▶ _Activity_:
Work out how many lines of the data contain "unfolding" and reply with that number alone.

═════ Materials provided ═════

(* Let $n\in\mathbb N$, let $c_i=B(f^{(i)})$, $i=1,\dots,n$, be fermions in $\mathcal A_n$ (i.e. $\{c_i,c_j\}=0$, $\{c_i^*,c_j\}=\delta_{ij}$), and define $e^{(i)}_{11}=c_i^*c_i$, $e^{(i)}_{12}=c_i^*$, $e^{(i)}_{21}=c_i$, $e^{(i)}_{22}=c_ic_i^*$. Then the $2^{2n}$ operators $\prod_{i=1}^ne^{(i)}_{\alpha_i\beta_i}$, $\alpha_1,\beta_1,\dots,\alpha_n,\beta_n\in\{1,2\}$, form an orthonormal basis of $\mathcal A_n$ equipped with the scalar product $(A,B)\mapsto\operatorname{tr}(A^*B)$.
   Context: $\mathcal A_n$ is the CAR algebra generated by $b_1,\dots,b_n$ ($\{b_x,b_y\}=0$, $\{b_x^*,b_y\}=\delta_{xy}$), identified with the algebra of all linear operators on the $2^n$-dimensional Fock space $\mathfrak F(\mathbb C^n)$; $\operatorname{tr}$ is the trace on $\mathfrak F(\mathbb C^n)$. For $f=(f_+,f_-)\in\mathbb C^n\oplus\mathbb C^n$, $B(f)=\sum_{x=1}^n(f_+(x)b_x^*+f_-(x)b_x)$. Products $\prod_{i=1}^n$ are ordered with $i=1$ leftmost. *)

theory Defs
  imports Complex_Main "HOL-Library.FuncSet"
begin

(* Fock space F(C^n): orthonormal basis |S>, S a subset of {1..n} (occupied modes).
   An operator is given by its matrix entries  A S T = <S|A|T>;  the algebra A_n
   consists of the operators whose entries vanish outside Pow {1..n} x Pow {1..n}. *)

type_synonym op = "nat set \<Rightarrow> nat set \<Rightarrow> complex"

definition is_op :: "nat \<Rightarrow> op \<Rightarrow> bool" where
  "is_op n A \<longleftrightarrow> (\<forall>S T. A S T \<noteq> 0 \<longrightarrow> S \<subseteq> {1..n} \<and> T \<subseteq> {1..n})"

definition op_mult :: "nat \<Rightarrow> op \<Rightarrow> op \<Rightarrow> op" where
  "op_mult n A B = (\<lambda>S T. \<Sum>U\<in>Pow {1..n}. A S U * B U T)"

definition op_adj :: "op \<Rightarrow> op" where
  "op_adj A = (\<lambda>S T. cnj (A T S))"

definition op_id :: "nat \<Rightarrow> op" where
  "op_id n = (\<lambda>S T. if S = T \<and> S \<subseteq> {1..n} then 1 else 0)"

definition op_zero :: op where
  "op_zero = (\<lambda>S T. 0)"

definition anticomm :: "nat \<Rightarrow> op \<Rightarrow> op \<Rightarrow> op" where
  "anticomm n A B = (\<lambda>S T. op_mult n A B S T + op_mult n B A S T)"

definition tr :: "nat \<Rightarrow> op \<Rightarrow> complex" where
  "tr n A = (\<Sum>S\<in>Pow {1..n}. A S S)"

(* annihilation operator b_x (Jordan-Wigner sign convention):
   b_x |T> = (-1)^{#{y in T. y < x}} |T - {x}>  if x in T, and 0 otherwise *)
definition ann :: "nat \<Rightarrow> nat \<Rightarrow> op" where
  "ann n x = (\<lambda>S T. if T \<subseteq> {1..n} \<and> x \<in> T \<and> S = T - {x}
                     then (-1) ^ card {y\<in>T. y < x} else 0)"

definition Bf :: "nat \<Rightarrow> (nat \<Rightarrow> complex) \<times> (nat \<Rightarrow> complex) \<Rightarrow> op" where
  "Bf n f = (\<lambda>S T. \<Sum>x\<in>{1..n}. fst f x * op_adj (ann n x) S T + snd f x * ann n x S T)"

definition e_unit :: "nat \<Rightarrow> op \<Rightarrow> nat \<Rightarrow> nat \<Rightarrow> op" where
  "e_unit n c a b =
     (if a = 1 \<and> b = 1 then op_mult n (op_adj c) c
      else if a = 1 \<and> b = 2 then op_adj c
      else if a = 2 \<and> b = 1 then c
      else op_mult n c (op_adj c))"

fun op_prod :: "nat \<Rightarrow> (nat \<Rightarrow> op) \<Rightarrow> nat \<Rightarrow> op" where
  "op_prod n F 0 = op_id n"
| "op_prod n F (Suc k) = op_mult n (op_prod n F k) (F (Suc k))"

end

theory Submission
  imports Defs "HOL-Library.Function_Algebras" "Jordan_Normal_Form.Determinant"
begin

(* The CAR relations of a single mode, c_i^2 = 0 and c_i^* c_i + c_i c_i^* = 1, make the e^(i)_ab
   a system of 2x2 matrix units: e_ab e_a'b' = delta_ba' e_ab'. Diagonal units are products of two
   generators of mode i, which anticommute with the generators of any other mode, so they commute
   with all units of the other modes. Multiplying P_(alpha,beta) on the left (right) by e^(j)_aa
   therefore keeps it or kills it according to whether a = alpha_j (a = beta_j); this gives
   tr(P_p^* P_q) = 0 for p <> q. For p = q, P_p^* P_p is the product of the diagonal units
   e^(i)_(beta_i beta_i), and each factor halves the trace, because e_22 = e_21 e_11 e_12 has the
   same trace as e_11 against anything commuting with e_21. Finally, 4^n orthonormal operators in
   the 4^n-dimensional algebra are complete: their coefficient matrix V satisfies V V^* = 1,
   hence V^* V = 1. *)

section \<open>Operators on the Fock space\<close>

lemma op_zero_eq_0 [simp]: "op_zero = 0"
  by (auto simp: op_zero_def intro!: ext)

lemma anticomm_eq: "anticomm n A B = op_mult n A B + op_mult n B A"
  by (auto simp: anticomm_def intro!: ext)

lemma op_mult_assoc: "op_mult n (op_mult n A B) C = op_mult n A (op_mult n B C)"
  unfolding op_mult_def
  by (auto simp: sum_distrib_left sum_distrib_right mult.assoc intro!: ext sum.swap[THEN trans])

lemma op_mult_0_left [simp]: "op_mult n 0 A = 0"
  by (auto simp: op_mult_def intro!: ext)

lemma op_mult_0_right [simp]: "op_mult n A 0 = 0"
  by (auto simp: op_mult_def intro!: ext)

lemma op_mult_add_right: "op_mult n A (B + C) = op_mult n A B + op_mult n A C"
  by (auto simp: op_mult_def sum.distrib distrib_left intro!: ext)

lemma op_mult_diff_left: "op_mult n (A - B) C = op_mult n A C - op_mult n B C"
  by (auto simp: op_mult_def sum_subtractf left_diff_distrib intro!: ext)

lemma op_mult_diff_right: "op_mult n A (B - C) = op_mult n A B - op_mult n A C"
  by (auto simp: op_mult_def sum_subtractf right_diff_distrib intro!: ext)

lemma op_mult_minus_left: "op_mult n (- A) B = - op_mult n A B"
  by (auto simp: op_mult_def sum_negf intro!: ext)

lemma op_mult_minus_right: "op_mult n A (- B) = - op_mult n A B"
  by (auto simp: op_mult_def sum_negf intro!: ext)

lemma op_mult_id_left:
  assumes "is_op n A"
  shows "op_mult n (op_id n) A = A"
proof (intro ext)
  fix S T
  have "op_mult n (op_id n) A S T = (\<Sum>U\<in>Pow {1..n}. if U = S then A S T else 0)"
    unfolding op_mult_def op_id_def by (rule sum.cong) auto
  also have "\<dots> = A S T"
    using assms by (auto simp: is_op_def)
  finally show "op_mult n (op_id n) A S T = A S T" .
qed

═════

▶ _Exercise output_:
2